KRL Disulap Jadi Ruang Piala Dunia, Coca-Cola Bawa Kaleng Khusus dan Lagu Lokal

Author: Redaksi Android62

Coca-Cola Indonesia memperluas kampanye Piala Dunia 2026 dengan rangkaian aktivasi yang menyentuh ruang publik, mulai dari Commuter Line hingga musik dan kegiatan komunitas. Perusahaan menempatkan turnamen sepak bola dunia itu lebih dekat ke keseharian masyarakat, bukan hanya di layar pertandingan.

Salah satu langkah yang paling terlihat hadir di KRL rute Cikarang dan Bogor. Hingga akhir Juni, penumpang di dua jalur tersebut bisa menemukan dekorasi bertema turnamen yang mengubah suasana gerbong menjadi seperti bagian dari stadion.

Kemasan kaleng edisi khusus sudah beredar di ritel

Selain aktivasi ruang publik, Coca-Cola Indonesia juga merilis kemasan kaleng edisi khusus Piala Dunia 2026 pada Rabu (17/6). Ada 12 desain berbeda yang terinspirasi dari negara peserta, dan produk itu sudah tersedia di berbagai gerai ritel di Indonesia.

Peluncuran kemasan ini menjadi bagian dari strategi perusahaan untuk menghadirkan suasana turnamen dalam aktivitas harian. Pendekatan tersebut dibuat agar pengalaman Piala Dunia 2026 tidak berhenti pada tontonan, tetapi ikut hadir lewat produk yang mudah dijumpai masyarakat.

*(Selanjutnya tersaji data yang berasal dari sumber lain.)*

lemma lin_sol_e_basis_single:
  assumes j: "j \<in> S" and e: "e = basis_vec j" and others: "\<forall>m. m \<noteq> j \<longrightarrow> \<alpha> m = 0"
  shows "(\<kappa>, \<alpha>, e, t) \<in> ls_e_same"
proof -
  have "\<alpha> = single_vec (\<alpha> j) j" using others by (auto simp: single_vec_def fun_eq_iff)
  moreover have "t = single_vec (t j) j"
    using lin_sol_t_zero_off[OF j e] others by (auto simp: single_vec_def fun_eq_iff)
  moreover have "P dvd \<kappa> * t j - (\<alpha> j * \<alpha> j - \<alpha> j)"
    using lin_sol_basis_congs(2)[OF j e] by (metis dvd_minus_iff minus_diff_eq)
  ultimately show ?thesis using e kappa_unit j lin_sol_facts(1,2) unfolding ls_e_same_def by blast
qed

lemma lin_sol_e_basis_pair:
  assumes j: "j \<in> S" and e: "e = basis_vec j" and lj: "l \<noteq> j" and l: "\<alpha> l \<noteq> 0"
  shows "(\<kappa>, \<alpha>, e, t) \<in> ls_e_outside \<union> ls_e_inside"
proof -
  note congs = lin_sol_basis_congs[OF j e]
  have lR: "l \<in> R" using lin_sol_facts(3) l by blast
  have am: "\<alpha> m = 0" if "m \<noteq> l" "m \<noteq> j" for m
    using lin_sol_alpha_zero[OF that(1) lR l] congs(4) that lj by simp
  have tm: "t m = 0" if "m \<noteq> l" "m \<noteq> j" for m
    using lin_sol_t_zero_off[OF j e that(2) am[OF that]] .
  have "\<alpha> j * \<alpha> l - \<kappa> * t l + ((\<alpha> l * \<alpha> l - \<alpha> l) + \<kappa> * t l) = \<alpha> l * (\<alpha> j + \<alpha> l - 1)"
    by (simp add: algebra_simps)
  hence "P dvd \<alpha> l * (\<alpha> j + \<alpha> l - 1)"
    using dvd_add[OF congs(3)[OF lR lj] congs(1)[OF lR lj]] by simp
  hence "P dvd \<alpha> j + \<alpha> l - 1"
    using P_dvd_mult_iff not_dvd_nonzero_residue lin_sol_facts(1) l by blast
  moreover have "\<alpha> j + \<alpha> l - 1 = \<alpha> j - (1 - \<alpha> l)" by simp
  ultimately have ajl: "P dvd \<alpha> j - (1 - \<alpha> l)" by simp
  show ?thesis
  proof (cases "l \<in> S")
    case False
    hence tl: "t l = 0" using lin_sol_facts(4) by blast
    hence "P dvd \<alpha> l * (\<alpha> l - 1)" using congs(1)[OF lR lj]
      by (simp add: algebra_simps)
    hence "P dvd \<alpha> l - 1" using P_dvd_mult_iff not_dvd_nonzero_residue lin_sol_facts(1) l
      by blast
    hence l1: "\<alpha> l = 1" using residue_one_if_dvd lin_sol_facts(1) by blast
    hence "\<alpha> j = 0" using ajl residue_zero_if_dvd lin_sol_facts(1) by simp
    hence "P dvd \<kappa> * t j" using congs(2) by simp
    hence "t j = 0" by (rule lin_sol_t_zero)
    hence "t = (\<lambda>_. 0)" using tm tl by (metis ext)
    moreover have "\<alpha> = basis_vec l" using am l1 \<open>\<alpha> j = 0\<close>
      by (auto simp: single_vec_def fun_eq_iff)
    ultimately show ?thesis using e kappa_unit j lR False unfolding ls_e_outside_def by blast
  next
    case True
    define v where "v = \<alpha> l"
    define u where "u = t l"
    have vP: "v \<in> {1..<P}" using lin_sol_facts(1)[of l] l by (auto simp: v_def)
    have "\<alpha> j mod P = (1 - v) mod P" using ajl unfolding v_def by (simp add: mod_eq_dvd_iff)
    hence aj: "\<alpha> j = (1 - v) mod P" using lin_sol_facts(1)[of j] by simp
    have dl: "P dvd \<kappa> * u - (v - v * v)"
      using congs(1)[OF lR lj] by (simp add: v_def u_def algebra_simps)
    \<comment> \<open>reduce the diagonal congruence at j by the linear relation between the entries at j and l\<close>
    have "(\<alpha> j * \<alpha> j - \<alpha> j - \<kappa> * t j) - (\<alpha> j - (1 - v)) * (\<alpha> j - v) - (\<kappa> * u - (v - v * v))
        = - (\<kappa> * (t j + u))" by (simp add: algebra_simps)
    moreover have "P dvd (\<alpha> j * \<alpha> j - \<alpha> j - \<kappa> * t j) - (\<alpha> j - (1 - v)) * (\<alpha> j - v)
        - (\<kappa> * u - (v - v * v))"
      using dvd_diff[OF dvd_diff[OF congs(2) dvd_mult2[OF ajl]] dl] unfolding v_def by simp
    ultimately have "P dvd \<kappa> * (t j + u)" by (metis dvd_minus_iff)
    hence "P dvd t j - (- u)" using P_dvd_mult_iff lin_sol_facts(5) by simp
    hence "t j mod P = (- u) mod P" by (simp add: mod_eq_dvd_iff)
    hence tj: "t j = (- u) mod P" using lin_sol_facts(2)[of j] by simp
    have "\<alpha> = pair_vec v l ((1 - v) mod P) j" using am aj lj
      by (auto simp: pair_vec_def fun_eq_iff v_def)
    moreover have "t = pair_vec u l ((- u) mod P) j" using tm tj lj
      by (auto simp: pair_vec_def fun_eq_iff u_def)
    ultimately show ?thesis using e kappa_unit j True lj vP lin_sol_facts(2)[of l] dl
      unfolding ls_e_inside_def u_def by blast
  qed
qed
text \<open>By proper discontinuity two of the elements \<open>\<alpha>\<^bsup>z\<^sub>n\<^esup> \<beta>\<^sup>n\<close> returning \<open>l 0\<close> to a fixed ball
  coincide.\<close>

theorem commensurable_of_bounded_displacement:
  fixes \<rho> :: "'g \<Rightarrow> 'a::metric_space \<Rightarrow> 'a" and G (structure)
  assumes proper: "proper_space TYPE('a)" and "group G"
    and action: "isom_action G \<rho>" and discontinuous: "properly_discontinuous G \<rho>"
    and \<alpha>: "\<alpha> \<in> carrier G" and \<beta>: "\<beta> \<in> carrier G"
    and contracting: "contracting_line l K" and shift: "\<And>t. \<rho> \<alpha> (l t) = l (t + \<tau>)" and "\<tau> > 0"
    and bounded: "\<And>x. x \<in> range l \<Longrightarrow> dist (\<rho> \<beta> x) x \<le> C"
    and infinite_order: "\<forall>n::nat. n > 0 \<longrightarrow> \<beta> [^] n \<noteq> \<one>"
  shows "\<exists>p z. p > 0 \<and> z \<noteq> 0 \<and> \<beta> [^] (int p) = \<alpha> [^] (z::int)"
proof -
  interpret group G by fact
  have "\<forall>n. \<exists>z::int. dist (l 0) (\<rho> (\<alpha> [^] z \<otimes> \<beta> [^] (int n)) (l 0)) \<le> 14 * K + \<tau>"
    using pow_return_near_base[OF \<open>group G\<close> action \<alpha> \<beta> contracting shift \<open>\<tau> > 0\<close> bounded] by blast
  from choice[OF this] obtain z :: "nat \<Rightarrow> int"
    where z: "\<forall>n. dist (l 0) (\<rho> (\<alpha> [^] z n \<otimes> \<beta> [^] (int n)) (l 0)) \<le> 14 * K + \<tau>"
    by blast
  define \<gamma> where "\<gamma> n = \<alpha> [^] (z n) \<otimes> \<beta> [^] (int n)" for n
  define B where "B = cball (l 0) (14 * K + \<tau>)"
  have "l 0 \<in> B" "\<rho> (\<gamma> n) (l 0) \<in> B" for n
    using z contracting \<open>\<tau> > 0\<close> unfolding B_def \<gamma>_def contracting_line_def by auto
  moreover have "\<gamma> n \<in> carrier G" for n unfolding \<gamma>_def using \<alpha> \<beta> by simp
  ultimately have "\<gamma> n \<in> {g \<in> carrier G. \<rho> g ` B \<inter> B \<noteq> {}}" for n by blast
  moreover have "finite {g \<in> carrier G. \<rho> g ` B \<inter> B \<noteq> {}}"
    using discontinuous proper unfolding properly_discontinuous_def proper_space_def B_def by blast
  ultimately obtain n n' where "n' < n" "\<gamma> n = \<gamma> n'"
    using exists_less_eq_of_finite_range by metis
  then have eq: "\<beta> [^] (int (n - n')) = \<alpha> [^] (z n' - z n)"
    using int_pow_diff_eq_of_mult_eq[OF \<open>group G\<close> \<alpha> \<beta>] unfolding \<gamma>_def by blast
  moreover have "z n' - z n \<noteq> 0"
  proof
    assume "z n' - z n = 0"
    then have "\<beta> [^] (n - n') = \<one>" using eq by (metis int_pow_0 int_pow_int)
    then show False using infinite_order \<open>n' < n\<close> by simp
  qed
  ultimately show ?thesis using \<open>n' < n\<close> by (intro exI[of _ "n - n'"] exI[of _ "z n' - z n"]) auto
qed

Detail dekorasi KRL dibuat seperti arena sepak bola

Instalasi tematik di dalam KRL menampilkan sejumlah elemen yang lekat dengan sepak bola. Lantai dibuat bermotif rumput lapangan, sementara bola Coca-Cola dan kaleng edisi khusus dipajang dalam tampilan yang serba tematik.

Sentuhan visual juga diberikan pada kursi, pintu, dan elemen jaring gawang. Kombinasi itu membuat pengalaman naik Commuter Line terasa seperti memasuki ruang perayaan yang terhubung dengan atmosfer Piala Dunia 2026.

Musik lokal ikut dipakai sebagai penguat kampanye

Coca-Cola Indonesia kemudian menggandeng Tiara Andini, Silet Open Up, Ecko Show, dan Eka Gustiwana untuk menghadirkan anthem lokal berjudul “Jump”. Lagu tersebut merupakan adaptasi resmi berlisensi dari karya Van Halen yang dirilis pada 1984.

Aransemen barunya dibuat dengan ritme perkusi yang lebih energik dan disesuaikan dengan karakter pendengar musik di Indonesia. Director Coca-Cola Trademark Coca-Cola Indonesia, Fitriana Adhisti, menyebut pendekatan budaya lokal menjadi bagian penting dari kampanye ini.

Fitriana mengatakan pihaknya ingin menghadirkan Piala Dunia 2026 lebih dekat kepada masyarakat Indonesia. Ia juga menilai aktivasi seperti Commuter Line tematik dan anthem lokal menjadi undangan agar masyarakat bisa ikut merayakan turnamen dengan cara yang lebih mudah diakses.

Nonton bareng digelar di 15 kota

Di luar produk, transportasi publik, dan musik, Coca-Cola Indonesia juga menyiapkan ruang kebersamaan melalui lebih dari 100 kegiatan nonton bareng di 15 kota besar. Program itu dijalankan bertahap sejak 12 Juni 2026 untuk memperkuat interaksi sosial selama momentum sepak bola dunia.

President Director Coca-Cola Indonesia, Eva Lusiana, menilai sepak bola memiliki daya tarik universal yang mampu menyatukan banyak lapisan masyarakat. Karena itu, berbagai aktivitas yang disiapkan untuk Piala Dunia 2026 dirancang agar publik luas bisa ikut merasakan sukacita yang sama.

Melalui kaleng edisi khusus, dekorasi KRL, lagu tema lokal, dan kegiatan nonton bareng, Coca-Cola Indonesia membangun perayaan Piala Dunia 2026 sebagai pengalaman yang hadir di ruang-ruang dekat dengan kehidupan sehari-hari masyarakat Indonesia.